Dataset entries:
lemma summable_on_holder_weight_mult_norm:
  assumes "p > 1" "q > 1" "1 / p + 1 / q = 1" "in_ellq q f" "0 < g" "g < 1 - 1 / p"
  shows "(\<lambda>jk. holder_weight g jk * norm (f jk)) summable_on nonres"
proof (rule summable_on_mult_Young[OF assms(1-3) holder_weight_nonneg norm_ge_zero])
  have "1 / p > 0" using assms(1) by simp
  hence "g < 1" using assms(6) by linarith
  moreover have "(1 - g) * p > 1" using assms(1,6) by (simp add: field_simps)
  ultimately show "(\<lambda>jk. holder_weight g jk powr p) summable_on nonres"
    using assms(1,5) by (intro holder_weight_powr_summable) auto
  show "(\<lambda>jk. norm (f jk) powr q) summable_on nonres"
    using assms(4) unfolding in_ellq_def by (rule summable_on_subset) simp
qed

lemma norm_useries_diff_le:
  assumes "0 < g" "g \<le> 1" and W: "(\<lambda>jk. holder_weight g jk * norm (f jk)) summable_on nonres"
  shows "norm (useries f x t - useries f x' t') \<le>
    (\<Sum>\<^sub>\<infinity>jk\<in>nonres. holder_weight g jk * norm (f jk)) * sqrt ((x - x')^2 + (t - t')^2) powr g"
proof -
  let ?d = "sqrt ((x - x')^2 + (t - t')^2) powr g"
  have summable: "uterm f y s summable_on nonres" for y s
  proof (rule abs_summable_summable, rule summable_on_comparison_test[OF W])
    show "norm (uterm f y s jk) \<le> holder_weight g jk * norm (f jk)" if "jk \<in> nonres" for jk
      using norm_uterm_le[OF that assms(1)] by (simp add: mult.commute)
  qed simp
  have "norm (useries f x t - useries f x' t')
        \<le> (\<Sum>\<^sub>\<infinity>jk\<in>nonres. holder_weight g jk * norm (f jk) * ?d)"
    unfolding useries_eq_infsum_uterm
  proof (rule norm_infsum_diff_le[OF summable summable summable_on_cmult_left[OF W]])
    show "norm (uterm f x t jk - uterm f x' t' jk) \<le> holder_weight g jk * norm (f jk) * ?d" for jk
      using norm_uterm_diff_le[OF assms(1,2)] by (simp add: mult_ac)
  qed
  also have "\<dots> = (\<Sum>\<^sub>\<infinity>jk\<in>nonres. holder_weight g jk * norm (f jk)) * ?d"
    by (rule infsum_cmult_left) (rule W)
  finally show ?thesis .
qed

theorem mainTheorem2:
  fixes p q :: real and f :: "int \<times> int \<Rightarrow> complex"
  assumes "p > 1" and "q > 1" and "1 / p + 1 / q = 1"
    and "in_ellq q f"
  shows "\<forall>\<gamma>. 0 < \<gamma> \<and> \<gamma> < 1 - 1 / p \<longrightarrow> holder_periodic \<gamma> (useries f)"
proof (intro allI impI)
  fix g :: real assume g: "0 < g \<and> g < 1 - 1 / p"
  hence "0 < g" "g \<le> 1" using assms(1) by (smt (verit) divide_pos_pos)+
  moreover have "(\<lambda>jk. holder_weight g jk * norm (f jk)) summable_on nonres"
    using g by (intro summable_on_holder_weight_mult_norm[OF assms]) auto
  ultimately show "holder_periodic g (useries f)"
    unfolding holder_periodic_def using useries_periodic norm_useries_diff_le by meson
qed

end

Problem statement:
Give all of the lines above again, exactly as they are.

Task solution:
lemma summable_on_holder_weight_mult_norm:
  assumes "p > 1" "q > 1" "1 / p + 1 / q = 1" "in_ellq q f" "0 < g" "g < 1 - 1 / p"
  shows "(\<lambda>jk. holder_weight g jk * norm (f jk)) summable_on nonres"
proof (rule summable_on_mult_Young[OF assms(1-3) holder_weight_nonneg norm_ge_zero])
  have "1 / p > 0" using assms(1) by simp
  hence "g < 1" using assms(6) by linarith
  moreover have "(1 - g) * p > 1" using assms(1,6) by (simp add: field_simps)
  ultimately show "(\<lambda>jk. holder_weight g jk powr p) summable_on nonres"
    using assms(1,5) by (intro holder_weight_powr_summable) auto
  show "(\<lambda>jk. norm (f jk) powr q) summable_on nonres"
    using assms(4) unfolding in_ellq_def by (rule summable_on_subset) simp
qed

lemma norm_useries_diff_le:
  assumes "0 < g" "g \<le> 1" and W: "(\<lambda>jk. holder_weight g jk * norm (f jk)) summable_on nonres"
  shows "norm (useries f x t - useries f x' t') \<le>
    (\<Sum>\<^sub>\<infinity>jk\<in>nonres. holder_weight g jk * norm (f jk)) * sqrt ((x - x')^2 + (t - t')^2) powr g"
proof -
  let ?d = "sqrt ((x - x')^2 + (t - t')^2) powr g"
  have summable: "uterm f y s summable_on nonres" for y s
  proof (rule abs_summable_summable, rule summable_on_comparison_test[OF W])
    show "norm (uterm f y s jk) \<le> holder_weight g jk * norm (f jk)" if "jk \<in> nonres" for jk
      using norm_uterm_le[OF that assms(1)] by (simp add: mult.commute)
  qed simp
  have "norm (useries f x t - useries f x' t')
        \<le> (\<Sum>\<^sub>\<infinity>jk\<in>nonres. holder_weight g jk * norm (f jk) * ?d)"
    unfolding useries_eq_infsum_uterm
  proof (rule norm_infsum_diff_le[OF summable summable summable_on_cmult_left[OF W]])
    show "norm (uterm f x t jk - uterm f x' t' jk) \<le> holder_weight g jk * norm (f jk) * ?d" for jk
      using norm_uterm_diff_le[OF assms(1,2)] by (simp add: mult_ac)
  qed
  also have "\<dots> = (\<Sum>\<^sub>\<infinity>jk\<in>nonres. holder_weight g jk * norm (f jk)) * ?d"
    by (rule infsum_cmult_left) (rule W)
  finally show ?thesis .
qed

theorem mainTheorem2:
  fixes p q :: real and f :: "int \<times> int \<Rightarrow> complex"
  assumes "p > 1" and "q > 1" and "1 / p + 1 / q = 1"
    and "in_ellq q f"
  shows "\<forall>\<gamma>. 0 < \<gamma> \<and> \<gamma> < 1 - 1 / p \<longrightarrow> holder_periodic \<gamma> (useries f)"
proof (intro allI impI)
  fix g :: real assume g: "0 < g \<and> g < 1 - 1 / p"
  hence "0 < g" "g \<le> 1" using assms(1) by (smt (verit) divide_pos_pos)+
  moreover have "(\<lambda>jk. holder_weight g jk * norm (f jk)) summable_on nonres"
    using g by (intro summable_on_holder_weight_mult_norm[OF assms]) auto
  ultimately show "holder_periodic g (useries f)"
    unfolding holder_periodic_def using useries_periodic norm_useries_diff_le by meson
qed

end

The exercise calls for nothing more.